▸ WHAT YOU WILL DO:
Whenever a line below mentions the word "cases", that line should be copied.

▸ INFORMATION SUPPLIED:
++++

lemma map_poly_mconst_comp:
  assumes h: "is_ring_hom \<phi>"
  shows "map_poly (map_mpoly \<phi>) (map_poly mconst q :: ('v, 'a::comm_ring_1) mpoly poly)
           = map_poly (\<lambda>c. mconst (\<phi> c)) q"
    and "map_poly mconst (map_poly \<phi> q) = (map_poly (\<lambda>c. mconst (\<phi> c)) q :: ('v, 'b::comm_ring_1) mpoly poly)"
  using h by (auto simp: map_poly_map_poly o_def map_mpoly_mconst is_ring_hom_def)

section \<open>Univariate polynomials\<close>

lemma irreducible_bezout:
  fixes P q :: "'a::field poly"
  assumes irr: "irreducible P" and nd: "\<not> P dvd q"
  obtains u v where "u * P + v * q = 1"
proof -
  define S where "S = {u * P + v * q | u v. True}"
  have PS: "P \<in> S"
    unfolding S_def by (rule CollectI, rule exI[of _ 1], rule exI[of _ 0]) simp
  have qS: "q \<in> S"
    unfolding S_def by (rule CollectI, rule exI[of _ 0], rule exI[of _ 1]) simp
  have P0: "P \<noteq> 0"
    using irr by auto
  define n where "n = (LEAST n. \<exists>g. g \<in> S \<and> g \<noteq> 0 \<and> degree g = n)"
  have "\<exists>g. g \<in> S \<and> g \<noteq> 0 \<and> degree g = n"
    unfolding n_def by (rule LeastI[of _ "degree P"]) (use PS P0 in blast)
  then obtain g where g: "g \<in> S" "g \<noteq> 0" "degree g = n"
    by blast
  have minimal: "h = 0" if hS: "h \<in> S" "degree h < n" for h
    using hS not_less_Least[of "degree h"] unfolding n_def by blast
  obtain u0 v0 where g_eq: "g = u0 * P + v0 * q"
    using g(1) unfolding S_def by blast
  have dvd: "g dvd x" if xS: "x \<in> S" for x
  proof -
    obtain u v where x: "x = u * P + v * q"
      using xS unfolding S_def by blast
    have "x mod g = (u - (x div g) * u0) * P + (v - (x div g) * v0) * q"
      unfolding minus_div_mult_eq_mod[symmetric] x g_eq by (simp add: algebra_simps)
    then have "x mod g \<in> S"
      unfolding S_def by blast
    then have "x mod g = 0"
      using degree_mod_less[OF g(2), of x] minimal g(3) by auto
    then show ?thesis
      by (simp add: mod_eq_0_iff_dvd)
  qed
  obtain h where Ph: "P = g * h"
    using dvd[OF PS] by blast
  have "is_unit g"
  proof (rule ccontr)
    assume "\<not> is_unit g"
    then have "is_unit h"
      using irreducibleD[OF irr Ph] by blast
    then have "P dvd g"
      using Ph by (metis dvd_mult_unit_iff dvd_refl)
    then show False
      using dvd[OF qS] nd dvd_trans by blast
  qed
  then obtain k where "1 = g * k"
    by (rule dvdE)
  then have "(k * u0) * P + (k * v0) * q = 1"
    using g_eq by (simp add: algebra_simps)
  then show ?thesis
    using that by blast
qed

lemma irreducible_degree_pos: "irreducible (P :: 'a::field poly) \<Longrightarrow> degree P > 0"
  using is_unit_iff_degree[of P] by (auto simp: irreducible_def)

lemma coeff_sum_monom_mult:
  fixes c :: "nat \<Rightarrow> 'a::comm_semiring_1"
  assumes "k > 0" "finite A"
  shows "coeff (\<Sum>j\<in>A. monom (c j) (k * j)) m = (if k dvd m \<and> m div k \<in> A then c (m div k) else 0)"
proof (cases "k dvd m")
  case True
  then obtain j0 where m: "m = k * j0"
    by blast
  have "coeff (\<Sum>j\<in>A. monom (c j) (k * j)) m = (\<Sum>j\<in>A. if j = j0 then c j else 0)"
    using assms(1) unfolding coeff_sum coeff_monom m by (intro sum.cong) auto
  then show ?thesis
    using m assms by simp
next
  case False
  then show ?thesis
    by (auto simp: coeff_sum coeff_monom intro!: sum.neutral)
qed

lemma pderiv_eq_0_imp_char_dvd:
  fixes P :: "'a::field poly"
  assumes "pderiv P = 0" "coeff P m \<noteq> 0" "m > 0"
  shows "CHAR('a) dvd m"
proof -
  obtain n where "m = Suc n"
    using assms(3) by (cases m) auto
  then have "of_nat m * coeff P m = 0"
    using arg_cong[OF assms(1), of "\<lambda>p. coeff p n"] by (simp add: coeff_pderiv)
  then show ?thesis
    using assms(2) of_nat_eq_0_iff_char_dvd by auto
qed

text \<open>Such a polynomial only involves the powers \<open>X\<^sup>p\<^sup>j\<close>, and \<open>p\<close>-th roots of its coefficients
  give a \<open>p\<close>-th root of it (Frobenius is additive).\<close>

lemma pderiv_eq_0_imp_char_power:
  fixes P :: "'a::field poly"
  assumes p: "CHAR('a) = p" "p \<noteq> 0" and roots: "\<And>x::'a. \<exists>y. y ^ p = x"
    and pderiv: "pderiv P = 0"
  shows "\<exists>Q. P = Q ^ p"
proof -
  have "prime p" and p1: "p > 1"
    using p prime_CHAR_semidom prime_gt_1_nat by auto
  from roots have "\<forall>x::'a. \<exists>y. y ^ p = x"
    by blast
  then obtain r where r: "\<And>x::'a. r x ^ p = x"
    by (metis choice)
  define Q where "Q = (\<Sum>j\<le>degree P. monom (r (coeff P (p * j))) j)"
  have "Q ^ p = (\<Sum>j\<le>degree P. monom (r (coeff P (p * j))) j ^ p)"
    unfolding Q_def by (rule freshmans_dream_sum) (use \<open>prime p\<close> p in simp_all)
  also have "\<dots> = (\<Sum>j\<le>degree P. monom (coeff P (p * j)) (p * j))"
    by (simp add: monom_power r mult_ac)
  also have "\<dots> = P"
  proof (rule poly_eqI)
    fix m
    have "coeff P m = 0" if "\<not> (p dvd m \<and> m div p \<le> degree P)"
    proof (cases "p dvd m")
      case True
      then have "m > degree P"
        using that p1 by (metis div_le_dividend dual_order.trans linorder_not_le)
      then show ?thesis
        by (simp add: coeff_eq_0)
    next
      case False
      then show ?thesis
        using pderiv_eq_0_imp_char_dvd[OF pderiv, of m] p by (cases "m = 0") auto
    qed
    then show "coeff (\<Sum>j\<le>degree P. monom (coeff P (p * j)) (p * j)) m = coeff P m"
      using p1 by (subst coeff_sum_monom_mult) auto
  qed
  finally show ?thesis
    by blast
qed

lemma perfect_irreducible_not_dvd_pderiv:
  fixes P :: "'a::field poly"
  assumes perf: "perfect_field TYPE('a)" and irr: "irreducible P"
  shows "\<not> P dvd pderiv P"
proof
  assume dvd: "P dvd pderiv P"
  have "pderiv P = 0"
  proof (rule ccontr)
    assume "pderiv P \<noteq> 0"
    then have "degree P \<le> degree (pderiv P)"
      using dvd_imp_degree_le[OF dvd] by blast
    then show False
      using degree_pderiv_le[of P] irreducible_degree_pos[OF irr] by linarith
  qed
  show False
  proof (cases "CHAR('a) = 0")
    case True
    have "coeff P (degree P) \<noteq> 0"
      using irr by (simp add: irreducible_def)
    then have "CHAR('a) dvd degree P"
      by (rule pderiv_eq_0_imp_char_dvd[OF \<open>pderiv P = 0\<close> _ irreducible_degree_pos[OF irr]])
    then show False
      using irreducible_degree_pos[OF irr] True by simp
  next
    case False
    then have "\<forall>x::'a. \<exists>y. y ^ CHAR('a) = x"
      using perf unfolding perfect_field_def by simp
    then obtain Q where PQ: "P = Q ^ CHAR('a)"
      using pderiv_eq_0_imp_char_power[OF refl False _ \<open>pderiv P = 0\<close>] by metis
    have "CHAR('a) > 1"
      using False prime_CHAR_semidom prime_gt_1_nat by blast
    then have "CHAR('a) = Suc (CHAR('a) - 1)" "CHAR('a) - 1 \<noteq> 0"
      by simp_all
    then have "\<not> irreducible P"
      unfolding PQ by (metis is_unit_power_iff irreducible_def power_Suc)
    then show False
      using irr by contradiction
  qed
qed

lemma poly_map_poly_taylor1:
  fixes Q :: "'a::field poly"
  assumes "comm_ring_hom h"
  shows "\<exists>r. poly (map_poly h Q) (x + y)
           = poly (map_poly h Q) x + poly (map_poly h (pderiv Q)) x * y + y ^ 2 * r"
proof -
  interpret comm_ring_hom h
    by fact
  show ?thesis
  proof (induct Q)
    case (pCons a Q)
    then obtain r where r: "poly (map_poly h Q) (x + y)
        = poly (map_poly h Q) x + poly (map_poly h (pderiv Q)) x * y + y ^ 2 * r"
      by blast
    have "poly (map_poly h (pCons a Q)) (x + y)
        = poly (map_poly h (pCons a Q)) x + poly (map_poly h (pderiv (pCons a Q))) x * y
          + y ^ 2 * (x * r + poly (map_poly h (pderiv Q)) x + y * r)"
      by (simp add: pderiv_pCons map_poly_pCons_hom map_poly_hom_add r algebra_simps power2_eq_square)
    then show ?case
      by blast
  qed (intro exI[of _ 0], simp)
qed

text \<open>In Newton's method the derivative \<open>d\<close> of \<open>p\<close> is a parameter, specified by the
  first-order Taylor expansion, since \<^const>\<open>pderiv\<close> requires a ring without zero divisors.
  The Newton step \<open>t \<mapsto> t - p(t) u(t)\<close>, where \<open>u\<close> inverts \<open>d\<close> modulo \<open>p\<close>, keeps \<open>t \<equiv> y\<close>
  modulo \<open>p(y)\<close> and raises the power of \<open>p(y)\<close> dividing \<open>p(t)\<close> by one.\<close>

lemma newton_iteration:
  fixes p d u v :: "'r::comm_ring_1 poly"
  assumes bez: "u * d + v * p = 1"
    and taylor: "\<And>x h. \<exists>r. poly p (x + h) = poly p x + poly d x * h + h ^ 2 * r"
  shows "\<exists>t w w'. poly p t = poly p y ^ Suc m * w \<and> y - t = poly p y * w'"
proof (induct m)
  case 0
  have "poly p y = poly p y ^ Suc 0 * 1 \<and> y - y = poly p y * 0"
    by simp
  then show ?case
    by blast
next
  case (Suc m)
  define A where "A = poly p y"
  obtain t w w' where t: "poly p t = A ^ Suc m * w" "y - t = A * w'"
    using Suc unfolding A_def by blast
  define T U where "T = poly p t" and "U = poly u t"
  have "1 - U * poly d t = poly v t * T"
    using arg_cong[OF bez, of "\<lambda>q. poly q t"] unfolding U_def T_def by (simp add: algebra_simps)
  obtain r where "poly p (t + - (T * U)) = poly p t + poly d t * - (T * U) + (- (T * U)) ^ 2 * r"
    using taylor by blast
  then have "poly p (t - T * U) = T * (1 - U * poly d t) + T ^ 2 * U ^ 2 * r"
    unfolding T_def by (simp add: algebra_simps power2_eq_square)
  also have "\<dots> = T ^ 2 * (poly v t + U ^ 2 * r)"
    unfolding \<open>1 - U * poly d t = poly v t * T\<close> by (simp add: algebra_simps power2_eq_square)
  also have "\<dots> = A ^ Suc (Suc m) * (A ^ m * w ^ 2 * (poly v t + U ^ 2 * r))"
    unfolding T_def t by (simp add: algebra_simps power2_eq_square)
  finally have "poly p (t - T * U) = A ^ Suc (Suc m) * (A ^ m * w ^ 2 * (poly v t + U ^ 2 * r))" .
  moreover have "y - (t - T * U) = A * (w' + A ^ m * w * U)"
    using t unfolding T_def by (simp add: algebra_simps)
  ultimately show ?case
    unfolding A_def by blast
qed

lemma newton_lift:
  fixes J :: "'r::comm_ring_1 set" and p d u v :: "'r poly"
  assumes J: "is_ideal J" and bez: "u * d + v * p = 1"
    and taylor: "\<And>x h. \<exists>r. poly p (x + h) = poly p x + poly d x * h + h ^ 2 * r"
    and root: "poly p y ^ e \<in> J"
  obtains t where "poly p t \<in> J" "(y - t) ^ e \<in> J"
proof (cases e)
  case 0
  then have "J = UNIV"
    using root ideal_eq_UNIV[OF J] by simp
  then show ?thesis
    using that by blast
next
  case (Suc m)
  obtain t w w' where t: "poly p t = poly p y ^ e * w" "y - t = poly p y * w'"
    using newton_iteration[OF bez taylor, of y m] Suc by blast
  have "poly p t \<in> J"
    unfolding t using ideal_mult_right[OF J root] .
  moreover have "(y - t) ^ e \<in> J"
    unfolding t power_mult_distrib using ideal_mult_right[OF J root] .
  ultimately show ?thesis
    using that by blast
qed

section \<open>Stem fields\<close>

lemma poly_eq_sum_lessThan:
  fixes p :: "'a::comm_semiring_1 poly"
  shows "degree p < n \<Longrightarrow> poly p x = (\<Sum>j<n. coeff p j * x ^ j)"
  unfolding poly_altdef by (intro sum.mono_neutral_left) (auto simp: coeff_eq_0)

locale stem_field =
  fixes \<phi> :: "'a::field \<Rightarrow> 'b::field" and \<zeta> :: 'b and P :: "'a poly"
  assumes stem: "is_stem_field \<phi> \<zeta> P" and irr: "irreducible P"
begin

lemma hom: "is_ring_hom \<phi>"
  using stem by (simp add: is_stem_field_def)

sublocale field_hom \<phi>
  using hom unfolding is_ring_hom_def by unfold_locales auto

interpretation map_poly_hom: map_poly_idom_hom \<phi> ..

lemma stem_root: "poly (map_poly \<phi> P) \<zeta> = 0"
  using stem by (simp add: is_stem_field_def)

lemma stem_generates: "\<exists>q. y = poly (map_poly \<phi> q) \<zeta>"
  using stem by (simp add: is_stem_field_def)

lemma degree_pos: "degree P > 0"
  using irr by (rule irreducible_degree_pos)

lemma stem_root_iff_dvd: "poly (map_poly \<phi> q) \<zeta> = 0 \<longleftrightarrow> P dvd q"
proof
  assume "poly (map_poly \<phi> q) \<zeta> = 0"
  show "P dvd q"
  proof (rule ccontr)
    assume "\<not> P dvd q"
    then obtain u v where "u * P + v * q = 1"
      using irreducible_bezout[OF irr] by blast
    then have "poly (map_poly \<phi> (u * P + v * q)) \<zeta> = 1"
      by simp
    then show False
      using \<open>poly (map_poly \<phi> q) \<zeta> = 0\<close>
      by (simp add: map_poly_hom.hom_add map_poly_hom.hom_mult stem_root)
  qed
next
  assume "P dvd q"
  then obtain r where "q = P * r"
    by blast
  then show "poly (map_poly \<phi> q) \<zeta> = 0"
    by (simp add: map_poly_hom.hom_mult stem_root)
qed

++++

▸ RESPONSE AREA:
proof (cases "k dvd m")
    using assms(3) by (cases m) auto
    proof (cases "p dvd m")
        using pderiv_eq_0_imp_char_dvd[OF pderiv, of m] p by (cases "m = 0") auto
  proof (cases "CHAR('a) = 0")
proof (cases e)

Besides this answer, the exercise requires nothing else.